ACTIVITY: Of the lines below, report only those that contain "shows".

** Opening SUPPLIED MATERIAL block **

lemma card_bounded_switch_maps_le:
  assumes A: "finite A" and Cs: "finite Cs" "cf ` A \<subseteq> Cs" "card Cs \<le> K"
  shows "card (bounded_switch_maps A cf m :: (nat \<Rightarrow> 's::finite) set)
     \<le> card {J. J \<subseteq> A \<and> card J \<le> K * m} * CARD('s) ^ (K * (m + 1))"
proof -
  define G where "G = (bounded_switch_maps A cf m :: (nat \<Rightarrow> 's) set)"
  define F where "F = class_heads A cf"
  define JJ where "JJ = {J. J \<subseteq> A \<and> card J \<le> K * m}"
  define code :: "(nat \<Rightarrow> 's) \<Rightarrow> nat set \<times> (nat \<Rightarrow> 's)" where "code = (\<lambda>g. (class_switch_points A cf g, restrict g (class_switch_points A cf g \<union> F)))"
  have "finite F" "card F \<le> K"
    using A card_class_heads_le[OF Cs(1,2)] Cs(3) by (auto simp: F_def class_heads_def)
  have "finite JJ" using A by (auto simp: JJ_def)
  have "class_switch_points A cf g \<in> JJ" if "g \<in> G" for g
  proof -
    have "card (class_switch_points A cf g) \<le> card Cs * m"
      using card_class_switch_points_le[OF Cs(1,2)] that by (simp add: G_def)
    also have "\<dots> \<le> K * m" using Cs(3) by simp
    finally show ?thesis by (auto simp: JJ_def class_switch_points_def)
  qed
  then have code_G: "code ` G \<subseteq> Sigma JJ (\<lambda>J. PiE (J \<union> F) (\<lambda>_. UNIV))"
    unfolding code_def by (intro image_subsetI SigmaI) simp_all
  have "inj_on code G"
  proof (rule inj_onI)
    fix g1 g2 assume g: "g1 \<in> G" "g2 \<in> G" "code g1 = code g2"
    define J where "J = class_switch_points A cf g1"
    have J2: "class_switch_points A cf g2 = J" and "restrict g1 (J \<union> F) = restrict g2 (J \<union> F)"
      using g(3) by (auto simp: code_def J_def)
    then have "g1 t = g2 t" if "t \<in> J \<union> F" for t
      using that by (metis restrict_apply')
    then have "\<forall>t\<in>A. g1 t = g2 t"
      using eq_on_if_eq_on_class_switch_points_heads[OF A, of cf g1 J g2] J2 by (auto simp: J_def F_def)
    then show "g1 = g2" using g(1,2)
      by (auto simp: G_def bounded_switch_maps_def PiE_def extensional_def fun_eq_iff)
  qed
  have "finite (Sigma JJ (\<lambda>J. PiE (J \<union> F) (\<lambda>_. UNIV :: 's set)))"
    using \<open>finite JJ\<close> \<open>finite F\<close> A by (auto simp: JJ_def intro!: finite_SigmaI finite_PiE intro: finite_subset)
  then have "card G \<le> card (Sigma JJ (\<lambda>J. PiE (J \<union> F) (\<lambda>_. UNIV :: 's set)))"
    using card_mono[OF _ code_G] card_image[OF \<open>inj_on code G\<close>] by simp
  also have "\<dots> = (\<Sum>J\<in>JJ. card (PiE (J \<union> F) (\<lambda>_. UNIV :: 's set)))"
    by (rule card_SigmaI) (use \<open>finite JJ\<close> \<open>finite F\<close> A in \<open>auto intro!: finite_PiE simp: JJ_def intro: finite_subset\<close>)
  also have "\<dots> = (\<Sum>J\<in>JJ. CARD('s) ^ card (J \<union> F))"
    using \<open>finite F\<close> A by (intro sum.cong) (auto simp: card_PiE JJ_def rev_finite_subset[OF A])
  also have "\<dots> \<le> (\<Sum>J\<in>JJ. CARD('s) ^ (K * (m + 1)))"
  proof (intro sum_mono power_increasing)
    fix J assume "J \<in> JJ"
    then have "card (J \<union> F) \<le> K * m + K" using card_Un_le[of J F] \<open>card F \<le> K\<close> by (auto simp: JJ_def)
    then show "card (J \<union> F) \<le> K * (m + 1)" by simp
  qed simp
  finally show ?thesis by (simp add: G_def JJ_def)
qed

lemma card_bounded_switch_maps_le_exp:
  assumes A: "finite A" "card A \<le> M" and Cs: "finite Cs" "cf ` A \<subseteq> Cs" "card Cs \<le> K"
    and M: "0 < M" "2 * m \<le> M" and K: "1 \<le> K"
  shows "real (card (bounded_switch_maps A cf m :: (nat \<Rightarrow> 's::finite) set))
     \<le> exp (real K * (real M * bin_entropy (real m / real M) + (real m + 1) * ln (real CARD('s))))"
proof -
  have "real (card (bounded_switch_maps A cf m :: (nat \<Rightarrow> 's) set))
      \<le> real (card {J. J \<subseteq> A \<and> card J \<le> K * m}) * real CARD('s) ^ (K * (m + 1))"
    using card_bounded_switch_maps_le[OF A(1) Cs, where m = m and 's = 's]
    by (simp flip: of_nat_mult of_nat_power)
  also have "\<dots> \<le> exp (real K * (real M * bin_entropy (real m / real M)))
      * exp (real K * ((real m + 1) * ln (real CARD('s))))"
  proof (intro mult_mono card_small_subsets_le_entropy[OF A M K])
    have "real CARD('s) ^ (K * (m + 1)) = exp (real (K * (m + 1)) * ln (real CARD('s)))"
      by (simp only: exp_of_nat_mult) simp
    then show "real CARD('s) ^ (K * (m + 1)) \<le> exp (real K * ((real m + 1) * ln (real CARD('s))))"
      by (simp add: algebra_simps)
  qed auto
  finally show ?thesis by (simp add: algebra_simps flip: exp_add)
qed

** Closing SUPPLIED MATERIAL block **

SOLUTION TO THIS PROBLEM:
  shows "card (bounded_switch_maps A cf m :: (nat \<Rightarrow> 's::finite) set)
  shows "real (card (bounded_switch_maps A cf m :: (nat \<Rightarrow> 's::finite) set))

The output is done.